Postby Warmi » Fri Jan 05, 2018 7:27 pm

MrMorden wrote:
Warmi wrote:Wouldn't there be some risk related to potential insurance claims ?

in case of some mishap ( engine out etc ) , I could imagine an insurance company coming back with "sorry but we won't pay cause you weren't following Rotax recommendations " etc ...


Certainly not in the case of an E-LSA. There are no airworthiness requirements for experimental aircraft other than to be "in a condition for safe operation." I can't imagine that anybody could reasonably make the argument that using the same parts that Rotax has used for decades with high reliability, and were changed for non-technical/safety reasons, somehow constitutes a condition that is "unsafe".

For S-LSA, you have to follow manufacturer maintenance procedures.
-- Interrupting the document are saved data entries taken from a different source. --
(* Let $C_\varphi$ be a compact cyclic composition operator on $\mathcal F(\mathbb C^d)$ and let $\mathrm{Cyc}(C_\varphi)$ be its set of cyclic vectors. Then $\mathrm{Cyc}(C_\varphi)\cup\{0\}$ contains no linear subspace of dimension $2$.
   Context: $\mathcal F(\mathbb C^d)$ is the Fock space of entire functions with $\|f\|^2=(2\pi)^{-d}\int_{\mathbb C^d}|f|^2e^{-|z|^2/2}dA<\infty$; $C_\varphi f=f\circ\varphi$; $C_\varphi$ is compact iff $\varphi(z)=Az+b$ with $\|A\|<1$. $x$ is a cyclic vector for $T$ if $\mathrm{span}\{T^nx:n\ge0\}$ is dense. *)

theory Defs
  imports "HOL-Analysis.Analysis"
begin

definition entire_Cd :: "(complex^'d \<Rightarrow> complex) \<Rightarrow> bool" where
  "entire_Cd f \<longleftrightarrow> (\<forall>z. \<exists>L. (f has_derivative L) (at z) \<and>
      (\<forall>(c::complex) v. L (c *s v) = c * L v))"

definition fock_weight :: "complex^'d \<Rightarrow> real" where
  "fock_weight z = exp (- (norm z)\<^sup>2 / 2)"

definition fock_space :: "(complex^'d \<Rightarrow> complex) set" where
  "fock_space = {f. entire_Cd f \<and>
      integrable lborel (\<lambda>z. (cmod (f z))\<^sup>2 * fock_weight z)}"

definition fock_norm :: "(complex^'d \<Rightarrow> complex) \<Rightarrow> real" where
  "fock_norm f = sqrt ((2 * pi) powi (- int CARD('d)) *
      integral\<^sup>L lborel (\<lambda>z. (cmod (f z))\<^sup>2 * fock_weight z))"

definition holo_map :: "(complex^'d \<Rightarrow> complex^'d) \<Rightarrow> bool" where
  "holo_map \<phi> \<longleftrightarrow> (\<forall>i. entire_Cd (\<lambda>z. \<phi> z $ i))"

definition comp_op_on_fock :: "(complex^'d \<Rightarrow> complex^'d) \<Rightarrow> bool" where
  "comp_op_on_fock \<phi> \<longleftrightarrow> holo_map \<phi> \<and> (\<forall>f::complex^'d \<Rightarrow> complex\<in>fock_space. f \<circ> \<phi> \<in> fock_space)"

definition compact_comp_op :: "(complex^'d \<Rightarrow> complex^'d) \<Rightarrow> bool" where
  "compact_comp_op \<phi> \<longleftrightarrow> comp_op_on_fock \<phi> \<and>
     (\<forall>s::nat \<Rightarrow> complex^'d \<Rightarrow> complex. (\<forall>n. s n \<in> fock_space \<and> fock_norm (s n) \<le> 1) \<longrightarrow>
        (\<exists>r g. strict_mono r \<and> g \<in> fock_space \<and>
           (\<lambda>n. fock_norm (\<lambda>z. s (r n) (\<phi> z) - g z)) \<longlonglongrightarrow> 0))"

text \<open>x is a cyclic vector of C_phi: the complex span of {C_phi^n x} is dense in F.
  Note C_phi^n x = x \<circ> phi^n.\<close>
definition cyclic_vec :: "(complex^'d \<Rightarrow> complex^'d) \<Rightarrow> (complex^'d \<Rightarrow> complex) \<Rightarrow> bool" where
  "cyclic_vec \<phi> x \<longleftrightarrow> x \<in> fock_space \<and>
     (\<forall>g::complex^'d \<Rightarrow> complex\<in>fock_space. \<forall>\<epsilon>>0. \<exists>N (c::nat \<Rightarrow> complex).
        fock_norm (\<lambda>z. g z - (\<Sum>k\<le>N. c k * x ((\<phi> ^^ k) z))) < \<epsilon>)"

definition cyclic_op :: "(complex^'d \<Rightarrow> complex^'d) \<Rightarrow> bool" where
  "cyclic_op \<phi> \<longleftrightarrow> (\<exists>x. cyclic_vec \<phi> x)"

end

theory Submission
  imports Defs "HOL-Probability.Distributions" "HOL-Complex_Analysis.Cauchy_Integral_Formula"
    "HOL-Real_Asymp.Real_Asymp"
begin
lemma trig_poly_mult:
  assumes "finite S" "finite T"
  shows "trig_poly a S x * trig_poly b T x =
    trig_poly (\<lambda>\<kappa>. \<Sum>p\<in>{p \<in> S \<times> T. fst p + snd p = \<kappa>}. a (fst p) * b (snd p))
      ((\<lambda>p. fst p + snd p) ` (S \<times> T)) x"
proof -
  define F where "F p = a (fst p) * b (snd p) * cis (x * of_int (fst p + snd p))" for p
  have "trig_poly a S x * trig_poly b T x = (\<Sum>\<eta>\<in>S. \<Sum>\<zeta>\<in>T. F (\<eta>, \<zeta>))"
    by (simp add: trig_poly_def sum_product F_def cis_mult distrib_left mult_ac)
  also have "\<dots> = (\<Sum>\<kappa>\<in>(\<lambda>p. fst p + snd p) ` (S \<times> T). \<Sum>p\<in>{p \<in> S \<times> T. fst p + snd p = \<kappa>}. F p)"
    by (simp add: sum.cartesian_product' sum.image_gen[OF finite_cartesian_product[OF assms], symmetric])
  also have "\<dots> = trig_poly (\<lambda>\<kappa>. \<Sum>p\<in>{p \<in> S \<times> T. fst p + snd p = \<kappa>}. a (fst p) * b (snd p))
      ((\<lambda>p. fst p + snd p) ` (S \<times> T)) x"
    unfolding trig_poly_def sum_distrib_right by (intro sum.cong refl) (simp add: F_def)
  finally show ?thesis .
qed

definition spectrum_in :: "(real \<Rightarrow> complex) \<Rightarrow> int set \<Rightarrow> bool" where
  "spectrum_in g \<Omega> \<longleftrightarrow> (\<exists>a S. finite S \<and> S \<subseteq> \<Omega> \<and> g = trig_poly a S)"

lemma spectrum_in_trig_poly:
  assumes "finite S" "{\<eta> \<in> S. a \<eta> \<noteq> 0} \<subseteq> \<Omega>"
  shows "spectrum_in (trig_poly a S) \<Omega>"
proof -
  have "trig_poly a S = trig_poly a {\<eta> \<in> S. a \<eta> \<noteq> 0}"
  proof
    fix x
    show "trig_poly a S x = trig_poly a {\<eta> \<in> S. a \<eta> \<noteq> 0} x"
      unfolding trig_poly_def by (rule sum.mono_neutral_right) (use assms(1) in auto)
  qed
  then show ?thesis unfolding spectrum_in_def
    using assms by (intro exI[of _ a] exI[of _ "{\<eta> \<in> S. a \<eta> \<noteq> 0}"]) simp
qed

lemma spectrum_in_mono: "spectrum_in g \<Omega> \<Longrightarrow> \<Omega> \<subseteq> \<Omega>' \<Longrightarrow> spectrum_in g \<Omega>'"
  unfolding spectrum_in_def by blast
(* In the setting of the context, for every $N>0$, $$\iint_{\overline{R}_N}\left|\frac{\partial v_N}{\partial x}\right|^2\,dx\,dy\le\frac{16}{N}.$$
   Context: Fix a small universal constant $\alpha\in(0,1)$ (e.g. $\alpha=1/10$). For $N>0$ let $\overline{R}_N=[-3N,3N]\times[-1,1]\subset\mathbb{R}^2$ with coordinates $(x,y)$, and define $f_N(x)=1-\alpha$ if $|x|\le N$, $f_N(x)=\frac{|x|(1+\alpha)}{N}-2\alpha$ if $N\le|x|\le 2N$, $f_N(x)=2$ if $2N\le|x|\le3N$. For $x\in[-3N,3N]$ and $w\in W^{1,2}([-1,1])$ let $H_x(w)=\int_{-1}^1(w'(y))^2dy+|\{w\neq0\}\cap[-1,1]|$. The slice minimizer $v_N$ is defined by letting, for each $x\in[-3N,3N]$, $v_N(x,\cdot)$ be the unique minimizer of $H_x$ among $w\in W^{1,2}([-1,1])$ with $w(\pm1)=\pm f_N(x)$. *)

theory Defs
  imports "HOL-Analysis.Analysis"
begin

definition fN :: "real \<Rightarrow> real \<Rightarrow> real \<Rightarrow> real" where
  "fN \<alpha> N x =
     (if \<bar>x\<bar> \<le> N then 1 - \<alpha>
      else if \<bar>x\<bar> \<le> 2 * N then \<bar>x\<bar> * (1 + \<alpha>) / N - 2 * \<alpha>
      else 2)"

text \<open>W^{1,2}([-1,1]) in one dimension: w (continuous representative, normalised to
  vanish outside [-1,1]) is the integral of a square-integrable weak derivative g.\<close>
definition W12 :: "(real \<Rightarrow> real) \<Rightarrow> (real \<Rightarrow> real) \<Rightarrow> bool" where
  "W12 w g \<longleftrightarrow>
     set_integrable lborel {-1..1} g \<and>
     set_integrable lborel {-1..1} (\<lambda>y. (g y)\<^sup>2) \<and>
     (\<forall>y\<in>{-1..1}. w y = w (-1) + set_lebesgue_integral lborel {-1..y} g) \<and>
     (\<forall>y. y \<notin> {-1..1} \<longrightarrow> w y = 0)"

definition Hx :: "(real \<Rightarrow> real) \<Rightarrow> (real \<Rightarrow> real) \<Rightarrow> real" where
  "Hx w g = set_lebesgue_integral lborel {-1..1} (\<lambda>y. (g y)\<^sup>2)
            + measure lborel {y\<in>{-1..1}. w y \<noteq> 0}"

definition admissible :: "real \<Rightarrow> (real \<Rightarrow> real) \<Rightarrow> (real \<Rightarrow> real) \<Rightarrow> bool" where
  "admissible a w g \<longleftrightarrow> W12 w g \<and> w (-1) = - a \<and> w 1 = a"

definition slice_min :: "real \<Rightarrow> (real \<Rightarrow> real) \<Rightarrow> bool" where
  "slice_min a w \<longleftrightarrow>
     (\<exists>g. admissible a w g \<and> (\<forall>w' g'. admissible a w' g' \<longrightarrow> Hx w g \<le> Hx w' g'))"

definition vN :: "real \<Rightarrow> real \<Rightarrow> real \<Rightarrow> real \<Rightarrow> real" where
  "vN \<alpha> N x y = (THE w. slice_min (fN \<alpha> N x) w) y"

text \<open>Pointwise partial derivative in x (set to 0 where it does not exist;
  v_N is Lipschitz in x, so this is the a.e./weak derivative).\<close>
definition dvN_dx :: "real \<Rightarrow> real \<Rightarrow> real \<Rightarrow> real \<Rightarrow> real" where
  "dvN_dx \<alpha> N x y =
     (if (\<lambda>t. vN \<alpha> N t y) differentiable (at x) then deriv (\<lambda>t. vN \<alpha> N t y) x else 0)"
lemma exists_orthogonal_decomposition_span:
  assumes "subspace W" "finite S" "S \<subseteq> W" "v \<in> W"
  shows "\<exists>p\<in>span S. v - p \<in> perp_in g W S"
  using assms(2-4)
proof (induction S arbitrary: v rule: finite_induct)
  case empty
  then show ?case by (simp add: perp_in_def span_zero)
next
  case (insert s S)
  obtain ps where ps: "ps \<in> span S" "s - ps \<in> perp_in g W S"
    using insert.IH insert.prems(1) by blast
  obtain p where p: "p \<in> span S" "v - p \<in> perp_in g W S"
    using insert.IH insert.prems by blast
  define qs where "qs = s - ps"
  define p' where "p' = p + smul (g (v - p) qs / g qs qs) qs"
  have perp_S: "subspace (perp_in g W S)"
    using subspace_perp_in[OF assms(1)] .
  have q': "v - p' = (v - p) - smul (g (v - p) qs / g qs qs) qs"
    unfolding p'_def by (simp add: algebra_simps)
  \<comment> \<open>Gram-Schmidt step: \<open>qs \<perp> S\<close>, and removing from \<open>v - p\<close> its component along \<open>qs\<close>
    makes it orthogonal to \<open>s = ps + qs\<close> as well.\<close>
  have "g (v - p') qs = 0"
    unfolding q' by (rule inner_diff_projection)
  then have q'_qs: "g qs (v - p') = 0"
    using inner_eq_zero_commute by blast
  have "v - p' \<in> perp_in g W S"
    unfolding q' using subspace_diff[OF perp_S p(2) subspace_scale[OF perp_S ps(2)[folded qs_def]]] .
  then have "g ps (v - p') = 0"
    using inner_span_left_eq_zero[OF ps(1)] unfolding perp_in_def by blast
  then have "g s (v - p') = 0"
    using q'_qs unfolding qs_def inner_diff_left by simp
  then have "v - p' \<in> perp_in g W (insert s S)"
    using \<open>v - p' \<in> perp_in g W S\<close> unfolding perp_in_def by blast
  moreover have "p' \<in> span (insert s S)"
  proof -
    have S_sub: "span S \<subseteq> span (insert s S)" by (rule span_mono) blast
    have "qs \<in> span (insert s S)"
      unfolding qs_def using span_diff[OF span_base[of s] subsetD[OF S_sub ps(1)]] by simp
    then show ?thesis
      unfolding p'_def using span_add[OF subsetD[OF S_sub p(1)] span_scale] by blast
  qed
  ultimately show ?case by blast
qed

lemma direct_sum2_perp_span:
  assumes "subspace W" "finite S" "S \<subseteq> W"
  shows "direct_sum2 W (span S) (perp_in g W (span S))"
proof (rule direct_sum2I)
  show "subspace (perp_in g W (span S))" using subspace_perp_in assms(1) .
  show "\<And>x. x \<in> span S \<Longrightarrow> x \<in> perp_in g W (span S) \<Longrightarrow> x = 0"
    using perp_in_inter_eq_zero .
  show "\<exists>a\<in>span S. \<exists>b\<in>perp_in g W (span S). v = a + b" if v: "v \<in> W" for v
  proof -
    obtain p where "p \<in> span S" "v - p \<in> perp_in g W (span S)"
      using exists_orthogonal_decomposition_span[OF assms v] unfolding perp_in_span by blast
    then show ?thesis by force
  qed
qed simp

lemma direct_sum2_perp_finite_dim:
  assumes "subspace W" "subspace U" "U \<subseteq> W" "finite B" "U \<subseteq> span B"
  shows "direct_sum2 W U (perp_in g W U)"
proof -
  obtain S where S: "S \<subseteq> U" "independent S" "U \<subseteq> span S"
    by (rule basis_exists)
  have "finite S"
    using independent_span_bound[OF assms(4) S(2)] S(1) assms(5) by (meson order_trans)
  moreover have "U = span S"
    using S(3) span_minimal[OF S(1) assms(2)] by (rule antisym)
  ultimately show ?thesis
    using direct_sum2_perp_span[OF assms(1), of S] S(1) assms(3) by simp
qed

end

locale inner_product_space_operator = inner_product_space smul cnj' g
  for smul :: "'k::real_field \<Rightarrow> 'v::ab_group_add \<Rightarrow> 'v" and cnj' g +
  fixes f :: "'v \<Rightarrow> 'v"
  assumes linear_f: "Vector_Spaces.linear smul smul f"
begin

sublocale f: Vector_Spaces.linear smul smul f
  by (fact linear_f)

definition min_norm_lsq :: "'v set \<Rightarrow> 'v \<Rightarrow> 'v" where
  "min_norm_lsq W v = (if v \<in> W
     then THE x. x \<in> perp_in g W {u \<in> W. f u = 0} \<and> v - f x \<in> perp_in g W (f ` W)
     else 0)"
Those are set by the manufacturer of the *airplane*, not the engine. If the manufacturer is silent on the matter, you can use whatever parts you want, but if they are specified by the manufacturer then you are stuck. The S-LSA rules are gray enough I'd probably do what Rotax says, though. Especially if the airplane maker has boilerplate language saying something like "engine maintenance should be performed as specified by the engine manufacturer."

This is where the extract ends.